To determine the efficacy of current campaigns for consuming sustainable seafood we compared the data from the samples collected (only those identified to species or genus) to the recommendations of the seafood guides bóVEDA and SDM. BóVEDA is a mobile phone application launched in 2014 that provides information about marine species including minimum landing size, seasonal harvest restrictions, and a list of ‘responsible restaurants’9. The bóVEDA app has a section called Do not enter into temptation that includes six species to avoid due to several factors (e.g., overfishing). The six species are Yellowfin Tuna, Corvina Drum, Striped Marlin, Peruvian Hake, Swordfish, and Hammerhead Shark (scientific names are not included in this section).

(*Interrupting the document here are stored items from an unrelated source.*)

lemma sum_scaleR_diff_eq:
  fixes v :: "'j \<Rightarrow> 'a::real_vector"
  assumes "(\<Sum>j\<in>J. a j) = 0"
  shows "(\<Sum>j\<in>J. a j *\<^sub>R (v j - u)) = (\<Sum>j\<in>J. a j *\<^sub>R v j)"
  by (simp add: scaleR_diff_right sum_subtractf scaleR_sum_left[symmetric] assms)

lemma GDERIV_V_interp_ensemble:
  assumes "invertible (emp_cov M \<theta>)" and "0 < M"
  shows "GDERIV (V_interp M \<theta> \<epsilon> r) (\<theta> i) :>
           (\<Sum>j=1..M. s_coef M \<theta> \<epsilon> r i j *\<^sub>R (matrix_inv (emp_cov M \<theta>) *v (\<theta> j - \<theta> i)))"
proof -
  define w where "w = kernel_weight M \<theta> \<epsilon>"
  define W where "W = (\<Sum>k=1..M. w k (\<theta> i))"
  define avg where "avg = (\<Sum>k=1..M. w k (\<theta> i) * r k) / W"
  let ?A = "matrix_inv (emp_cov M \<theta>)"
  have "0 < W"
    unfolding W_def w_def using assms(2) by (intro sum_pos) (auto simp: kernel_weight_pos)
  have "(\<Sum>k=1..M. markov_T M \<theta> \<epsilon> i k * r k) = avg"
    unfolding markov_T_eq_kernel_weight[OF assms(2)] avg_def W_def w_def
    by (simp add: sum_divide_distrib)
  then have s_coef: "s_coef M \<theta> \<epsilon> r i j = (r j - avg) / W * w j (\<theta> i) / (2 * \<epsilon>)" for j
    unfolding s_coef_def markov_T_eq_kernel_weight[OF assms(2)] W_def w_def by (simp add: ac_simps)
  have "V_interp M \<theta> \<epsilon> r = (\<lambda>x. (\<Sum>j=1..M. w j x * r j) / (\<Sum>j=1..M. w j x))"
    using V_interp_eq_weighted_average[OF assms(2)] unfolding w_def by blast
  then have "GDERIV (V_interp M \<theta> \<epsilon> r) (\<theta> i) :>
      (\<Sum>j=1..M. ((r j - avg) / W) *\<^sub>R ((- w j (\<theta> i) / (2 * \<epsilon>)) *\<^sub>R (?A *v (\<theta> i - \<theta> j))))"
    using GDERIV_weighted_average[where J="{1..M}" and x="\<theta> i" and w=w and r=r and
        dw="\<lambda>j. (- w j (\<theta> i) / (2 * \<epsilon>)) *\<^sub>R (?A *v (\<theta> i - \<theta> j))"] \<open>0 < W\<close>
      GDERIV_kernel_weight[OF assms(1)]
    unfolding avg_def W_def w_def by simp
  moreover have "((r j - avg) / W) *\<^sub>R ((- w j (\<theta> i) / (2 * \<epsilon>)) *\<^sub>R (?A *v (\<theta> i - \<theta> j)))
      = s_coef M \<theta> \<epsilon> r i j *\<^sub>R (?A *v (\<theta> j - \<theta> i))" for j
    unfolding s_coef matrix_vector_mult_diff_distrib by (simp add: scaleR_diff_right)
  ultimately show ?thesis
    by simp
qed

theorem mainTheorem2:
  fixes M :: nat and \<theta> :: "nat \<Rightarrow> real^'d" and \<epsilon> :: real
    and \<Psi> :: "real^'d \<Rightarrow> real" and Vt :: "nat \<Rightarrow> real"
  assumes "invertible (emp_cov M \<theta>)"
    and "\<epsilon> > 0"
    and "\<forall>i\<in>{1..M}. Vt i = (\<Sum>j=1..M. markov_T M \<theta> \<epsilon> i j * Vt j) + \<epsilon> * delta_Psi M \<theta> \<Psi> i"
  shows "\<forall>i\<in>{1..M}. \<exists>G.
           (GDERIV (V_interp M \<theta> \<epsilon> (r_vec M \<theta> \<epsilon> \<Psi> Vt)) (\<theta> i) :> G) \<and>
           emp_cov M \<theta> *v G = (\<Sum>j=1..M. s_coef M \<theta> \<epsilon> (r_vec M \<theta> \<epsilon> \<Psi> Vt) i j *\<^sub>R \<theta> j)"
proof
  fix i assume "i \<in> {1..M}"
  then have "0 < M" by simp
  let ?r = "r_vec M \<theta> \<epsilon> \<Psi> Vt" and ?S = "emp_cov M \<theta>"
  let ?s = "s_coef M \<theta> \<epsilon> ?r i"
  have "?S *v (\<Sum>j=1..M. ?s j *\<^sub>R (matrix_inv ?S *v (\<theta> j - \<theta> i)))
      = (\<Sum>j=1..M. ?s j *\<^sub>R (\<theta> j - \<theta> i))"
    by (simp add: vec.sum matrix_vector_mult_scaleR matrix_vector_mul_assoc
        matrix_mul_matrix_inv[OF assms(1)])
  also have "\<dots> = (\<Sum>j=1..M. ?s j *\<^sub>R \<theta> j)"
    by (rule sum_scaleR_diff_eq[OF sum_s_coef_eq_0[OF sum_markov_T[OF \<open>0 < M\<close>]]])
  finally show "\<exists>G. (GDERIV (V_interp M \<theta> \<epsilon> ?r) (\<theta> i) :> G) \<and> ?S *v G = (\<Sum>j=1..M. ?s j *\<^sub>R \<theta> j)"
    using GDERIV_V_interp_ensemble[OF assms(1) \<open>0 < M\<close>] by blast
qed

end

BóVEDA does not include a best choice list; however, there is a section called Size does matter which includes a list of 15 invertebrates and 38 fish and the minimum size at which they should be consumed. We removed three species of fish from this section that were also included the ‘Do not enter into temptation’ list and considered these 35 species as ‘best choice’ from bóVEDA. SDM is a consumer seafood guide released in 2013 that gives minimum size limits for some of the most popular fish species and information about the best sustainable choices8. The SDM guide included 29 species of fish, divided into three categories: ‘best choice’ (15 species), ‘consume with caution’ (10 species), and ‘avoid’ (7 species) (Supplementary Table S6). We then merged the two lists for a final “best choice” list to use in our analyses. First, we removed five species from the bóVEDA best choice list because they were considered “avoid” or “consume with caution” in the SDM guide. We also added three species to this list because the Catalog12 lists them as having the same common names as the ones used in the seafood guides. Of the final list of 36 species, 12 were included in both lists, 18 were only listed in bóVEDA, three were only listed in SDM, and three are the extra ones we added due to the sharing of common names.

Statistical methods

All mercury data were Log10 transformed before conducting t-tests (assuming unequal variances) and ANOVAs to meet test assumptions. Frequency data was analysed using Fisher’s exact tests and chi-square tests. All means are reported as untransformed ± (SE) standard error. Tests were conducted in Minitab 18 Software.